Rawson’s first collection “Quarry,” won the Association of Writers and Writing Programs’ Award Series in Poetry.
Among the stories and themes in this thought-provoking collection, a man’s sister sews him into a bus seat, stowaway immigrants suffocate in a crowded boxcar, and the first female suicide bomber passes through a checkpoint. “Unrest” shows the fervent, if not desperate, side of humanity pressed to the limits. With a resonant lyricism and profound beauty, these poems are restless meditations on American life, political borders, lawlessness, parenthood, and the spaces where the natural world and human turmoil come into conflict. Here is the voice of the poet at one moment in contemplation and at the next in emotional outcry, stuttering into song.
From “The Insurgency”: “The sky threatens to answer a prayer but then won’t. It is not exactly our own minds we go out of.”

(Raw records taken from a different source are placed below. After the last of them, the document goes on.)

lemma alternating_harmq_shift_sums:
  assumes "p \<ge> 1"
  shows "(\<lambda>k. (-1) ^ k * harmq (int p) (Suc k) / (real (Suc k) + real (Suc r))) sums
     ((-1) ^ Suc r * Spm p 1 + (-1) ^ r * altzeta (p + 1)
      + (\<Sum>j=1..p. (-1) ^ (p - j + Suc r) * altzeta j * altharm (p - j + 1) r)
      + (-1) ^ (p + r) * altzeta 1 * harmq (int p) r
      + (-1) ^ (p + Suc r) * (\<Sum>n=1..r. altharm 1 n / real n ^ p))"
proof (induction r)
  case 0
  have "(\<lambda>k. (-1) ^ k * harmq (int p) (Suc k) / (real (Suc k) + real 0)) sums Spm p 1"
    using Spm_sums[OF assms, of 1] by simp
  moreover have
    "(\<lambda>k. (-1) ^ k / (real (Suc k) ^ p * (real (Suc k) + real 0))) sums altzeta (p + 1)"
    using altzeta_sums[of "p + 1"] by (simp add: mult.commute)
  ultimately have "(\<lambda>k. (-1) ^ k * harmq (int p) (Suc k) / (real (Suc k) + real (Suc 0))) sums
      (altzeta (p + 1) - Spm p 1)"
    by (rule alternating_harmq_shift_sums_Suc)
  then show ?case
    by (simp add: altharm_def harmq_def)
next
  case (Suc r)
  define s where "s = real (Suc r)"
  have term_Suc: "(-1) ^ (p - j + Suc (Suc r)) * altzeta j * altharm (p - j + 1) (Suc r) =
      - ((-1) ^ (p - j + Suc r) * altzeta j * altharm (p - j + 1) r)
      + (-1) ^ (p - j) / s ^ (p - j + 1) * altzeta j" for j
  proof -
    have "(-1::real) ^ (p - j + Suc (Suc r)) * (-1) ^ r = (-1) ^ (p - j)"
      by (simp add: power_add flip: power_mult_distrib)
    then show ?thesis
      by (simp add: altharm_def s_def power_add field_simps)
  qed
  then have alt_sum_Suc:
    "(\<Sum>j=1..p. (-1) ^ (p - j + Suc (Suc r)) * altzeta j * altharm (p - j + 1) (Suc r)) =
      - (\<Sum>j=1..p. (-1) ^ (p - j + Suc r) * altzeta j * altharm (p - j + 1) r)
      + (\<Sum>j=1..p. (-1) ^ (p - j) / s ^ (p - j + 1) * altzeta j)"
    unfolding sum_negf[symmetric] sum.distrib[symmetric] by (intro sum.cong refl term_Suc)
  from alternating_harmq_shift_sums_Suc[OF Suc alternating_power_shift_sums[of "Suc r" p]]
  show ?case
    unfolding alt_sum_Suc s_def[symmetric] harmq_Suc[of p r]
    by (simp add: s_def power_add algebra_simps diff_divide_distrib add_divide_distrib)
qed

“Joanna Rawson’s poems,” Arthur Vogelsang said, “tend toward the immediate, her shattered narratives describing a landscape that is swollen and overripe, ready to burst. These are violent poems, not in the sense of voyeurism or titillation, but in terms of a society on the brink of coming apart: the detonation of the pastoral, erotic affairs heading for annihilation, transcendence laced with despair and resignation.”
Copies of “Unrest” are available at the store and will be available for purchase during the event.